### Material for the task
section \<open>Gagliardo seminorm estimates and test functions\<close>

text \<open>Integrated over \<open>\<real>\<^sup>N \<times> \<real>\<^sup>N\<close>, this is the weak form \<open>\<langle>(-\<Delta>\<^sub>p)\<^sup>s u, \<phi>\<rangle>\<close>.\<close>

definition frac_plap_integrand ::
  "real \<Rightarrow> real \<Rightarrow> ('a::euclidean_space \<Rightarrow> real) \<Rightarrow> ('a \<Rightarrow> real) \<Rightarrow> 'a \<times> 'a \<Rightarrow> real" where
  "frac_plap_integrand s p u \<phi> z = Jp p (u (fst z) - u (snd z)) * (\<phi> (fst z) - \<phi> (snd z))
     / norm (fst z - snd z) powr (real DIM('a) + s * p)"

lemma integrable_gagliardo_density:
  fixes f :: "'a::euclidean_space \<Rightarrow> real"
  assumes [measurable]: "f \<in> borel_measurable borel" and "gagliardo_pow s p f < \<infinity>"
  shows "integrable (lborel \<Otimes>\<^sub>M lborel)
    (\<lambda>z. \<bar>f (fst z) - f (snd z)\<bar> powr p / norm (fst z - snd z) powr (real DIM('a) + s * p))"
  by (rule integrableI_nonneg) (use assms(2) in \<open>auto simp: gagliardo_pow_def\<close>)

### Problem description
Count the lines in the listing above that include the word "open". Reply with the number only.

### Task solution
3